BEGIN Given data
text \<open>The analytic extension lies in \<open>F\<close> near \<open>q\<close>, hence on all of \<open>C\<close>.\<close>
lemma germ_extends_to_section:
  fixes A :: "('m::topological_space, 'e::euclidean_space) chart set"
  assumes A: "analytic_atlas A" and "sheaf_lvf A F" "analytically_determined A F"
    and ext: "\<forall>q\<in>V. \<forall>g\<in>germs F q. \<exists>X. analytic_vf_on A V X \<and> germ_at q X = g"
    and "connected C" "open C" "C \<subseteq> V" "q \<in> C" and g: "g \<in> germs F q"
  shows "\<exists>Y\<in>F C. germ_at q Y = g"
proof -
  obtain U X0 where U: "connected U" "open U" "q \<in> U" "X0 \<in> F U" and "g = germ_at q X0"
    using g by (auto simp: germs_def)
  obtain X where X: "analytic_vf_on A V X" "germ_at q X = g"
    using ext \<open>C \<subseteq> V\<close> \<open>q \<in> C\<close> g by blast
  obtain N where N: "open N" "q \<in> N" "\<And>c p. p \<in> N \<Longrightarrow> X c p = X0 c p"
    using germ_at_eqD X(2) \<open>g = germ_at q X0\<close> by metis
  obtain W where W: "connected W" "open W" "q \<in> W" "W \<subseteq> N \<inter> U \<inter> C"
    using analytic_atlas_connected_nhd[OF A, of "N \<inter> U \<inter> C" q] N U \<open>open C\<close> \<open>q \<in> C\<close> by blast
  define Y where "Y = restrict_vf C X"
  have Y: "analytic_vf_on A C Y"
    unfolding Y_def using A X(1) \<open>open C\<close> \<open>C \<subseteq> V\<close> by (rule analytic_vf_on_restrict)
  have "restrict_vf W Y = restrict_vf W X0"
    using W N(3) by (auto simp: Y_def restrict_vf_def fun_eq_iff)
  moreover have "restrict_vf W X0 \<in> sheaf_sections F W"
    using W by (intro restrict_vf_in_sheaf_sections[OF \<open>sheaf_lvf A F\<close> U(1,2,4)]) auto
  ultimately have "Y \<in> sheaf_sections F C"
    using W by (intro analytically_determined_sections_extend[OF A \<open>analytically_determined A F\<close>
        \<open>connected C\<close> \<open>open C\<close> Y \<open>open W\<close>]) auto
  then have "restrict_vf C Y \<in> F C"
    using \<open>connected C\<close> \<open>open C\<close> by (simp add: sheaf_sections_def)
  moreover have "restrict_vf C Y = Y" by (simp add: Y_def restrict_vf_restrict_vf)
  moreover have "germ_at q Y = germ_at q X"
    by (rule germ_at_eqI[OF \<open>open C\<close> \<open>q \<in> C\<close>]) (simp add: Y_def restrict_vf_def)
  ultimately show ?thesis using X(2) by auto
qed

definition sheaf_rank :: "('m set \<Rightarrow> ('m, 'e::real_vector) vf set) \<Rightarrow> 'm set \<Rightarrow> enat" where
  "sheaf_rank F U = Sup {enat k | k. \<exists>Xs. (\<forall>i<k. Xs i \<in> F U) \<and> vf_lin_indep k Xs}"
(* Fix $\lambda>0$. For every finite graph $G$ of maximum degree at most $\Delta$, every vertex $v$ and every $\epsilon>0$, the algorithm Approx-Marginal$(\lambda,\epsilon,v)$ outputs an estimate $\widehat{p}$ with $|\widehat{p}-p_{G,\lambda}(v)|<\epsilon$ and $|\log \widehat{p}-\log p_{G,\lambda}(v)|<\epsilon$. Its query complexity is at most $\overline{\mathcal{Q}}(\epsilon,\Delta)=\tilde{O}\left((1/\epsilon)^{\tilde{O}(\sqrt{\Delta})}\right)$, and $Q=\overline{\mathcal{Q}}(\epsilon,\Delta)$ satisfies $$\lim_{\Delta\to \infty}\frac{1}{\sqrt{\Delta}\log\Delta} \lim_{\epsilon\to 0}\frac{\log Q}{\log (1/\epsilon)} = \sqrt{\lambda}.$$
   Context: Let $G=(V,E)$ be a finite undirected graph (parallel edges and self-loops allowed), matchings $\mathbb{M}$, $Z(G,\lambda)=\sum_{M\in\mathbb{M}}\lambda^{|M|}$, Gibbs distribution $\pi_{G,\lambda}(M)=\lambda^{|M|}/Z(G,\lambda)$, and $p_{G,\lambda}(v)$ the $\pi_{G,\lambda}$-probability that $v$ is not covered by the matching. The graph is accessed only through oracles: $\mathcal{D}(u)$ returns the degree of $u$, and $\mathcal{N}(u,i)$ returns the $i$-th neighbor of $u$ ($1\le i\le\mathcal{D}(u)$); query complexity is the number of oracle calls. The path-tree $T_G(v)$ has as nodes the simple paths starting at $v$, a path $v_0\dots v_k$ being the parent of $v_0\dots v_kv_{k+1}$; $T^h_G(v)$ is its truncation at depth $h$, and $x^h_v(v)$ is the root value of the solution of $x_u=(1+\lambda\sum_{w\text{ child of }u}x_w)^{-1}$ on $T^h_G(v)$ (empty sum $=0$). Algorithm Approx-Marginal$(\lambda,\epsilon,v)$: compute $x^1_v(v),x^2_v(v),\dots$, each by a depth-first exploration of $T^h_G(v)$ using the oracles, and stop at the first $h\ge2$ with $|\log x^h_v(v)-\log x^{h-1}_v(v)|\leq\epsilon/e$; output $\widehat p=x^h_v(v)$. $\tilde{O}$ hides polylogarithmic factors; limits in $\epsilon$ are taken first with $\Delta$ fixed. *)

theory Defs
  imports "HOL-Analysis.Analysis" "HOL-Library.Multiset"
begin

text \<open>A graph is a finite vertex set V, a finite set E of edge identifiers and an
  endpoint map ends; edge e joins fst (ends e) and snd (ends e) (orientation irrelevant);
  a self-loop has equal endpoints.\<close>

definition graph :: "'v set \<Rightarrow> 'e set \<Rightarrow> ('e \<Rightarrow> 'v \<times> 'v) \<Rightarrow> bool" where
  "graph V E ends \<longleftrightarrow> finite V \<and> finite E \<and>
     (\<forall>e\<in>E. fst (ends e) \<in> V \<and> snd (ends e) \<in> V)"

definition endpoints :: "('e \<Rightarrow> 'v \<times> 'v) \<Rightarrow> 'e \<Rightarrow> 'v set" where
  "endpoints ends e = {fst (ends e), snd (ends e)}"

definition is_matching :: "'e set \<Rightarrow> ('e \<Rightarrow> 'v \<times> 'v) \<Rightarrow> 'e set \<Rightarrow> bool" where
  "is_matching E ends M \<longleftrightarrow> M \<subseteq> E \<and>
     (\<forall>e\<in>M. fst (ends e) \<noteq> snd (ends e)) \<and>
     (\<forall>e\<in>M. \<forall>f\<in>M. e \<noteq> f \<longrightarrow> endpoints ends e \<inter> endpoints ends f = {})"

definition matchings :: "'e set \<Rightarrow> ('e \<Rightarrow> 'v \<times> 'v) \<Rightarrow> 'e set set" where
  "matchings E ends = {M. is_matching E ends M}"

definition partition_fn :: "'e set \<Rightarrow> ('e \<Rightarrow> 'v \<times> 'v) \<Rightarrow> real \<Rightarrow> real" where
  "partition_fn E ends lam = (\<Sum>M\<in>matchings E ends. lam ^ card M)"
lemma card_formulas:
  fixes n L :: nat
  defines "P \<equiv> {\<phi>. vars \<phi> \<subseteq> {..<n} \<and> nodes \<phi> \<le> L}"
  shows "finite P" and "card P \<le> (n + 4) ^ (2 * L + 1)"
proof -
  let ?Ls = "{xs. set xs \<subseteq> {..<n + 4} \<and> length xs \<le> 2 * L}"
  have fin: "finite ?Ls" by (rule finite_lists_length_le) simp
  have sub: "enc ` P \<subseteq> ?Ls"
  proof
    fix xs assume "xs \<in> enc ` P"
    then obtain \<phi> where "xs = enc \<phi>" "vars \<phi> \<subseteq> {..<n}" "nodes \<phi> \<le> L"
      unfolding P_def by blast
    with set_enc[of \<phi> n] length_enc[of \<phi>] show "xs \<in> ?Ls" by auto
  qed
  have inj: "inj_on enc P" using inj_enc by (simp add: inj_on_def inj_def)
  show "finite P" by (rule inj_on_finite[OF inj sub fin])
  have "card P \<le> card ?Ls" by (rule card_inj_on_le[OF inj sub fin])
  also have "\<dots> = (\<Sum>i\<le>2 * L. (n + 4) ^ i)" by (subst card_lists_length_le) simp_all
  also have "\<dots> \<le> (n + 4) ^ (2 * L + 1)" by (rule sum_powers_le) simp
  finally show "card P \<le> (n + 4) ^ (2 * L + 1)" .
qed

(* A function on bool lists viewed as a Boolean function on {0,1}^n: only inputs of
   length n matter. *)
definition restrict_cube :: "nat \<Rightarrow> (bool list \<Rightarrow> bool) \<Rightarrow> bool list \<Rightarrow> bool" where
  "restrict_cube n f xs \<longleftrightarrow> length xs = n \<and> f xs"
END Given data
> _Task statement_: Give back exactly the lines above starting at the line where "(subst card_lists_length_le) simp_all" appears and ending at the line where "length n matter. *)" appears, both included, with no other lines.

> _Written answer_:
  also have "\<dots> = (\<Sum>i\<le>2 * L. (n + 4) ^ i)" by (subst card_lists_length_le) simp_all
  also have "\<dots> \<le> (n + 4) ^ (2 * L + 1)" by (rule sum_powers_le) simp
  finally show "card P \<le> (n + 4) ^ (2 * L + 1)" .
qed

(* A function on bool lists viewed as a Boolean function on {0,1}^n: only inputs of
   length n matter. *)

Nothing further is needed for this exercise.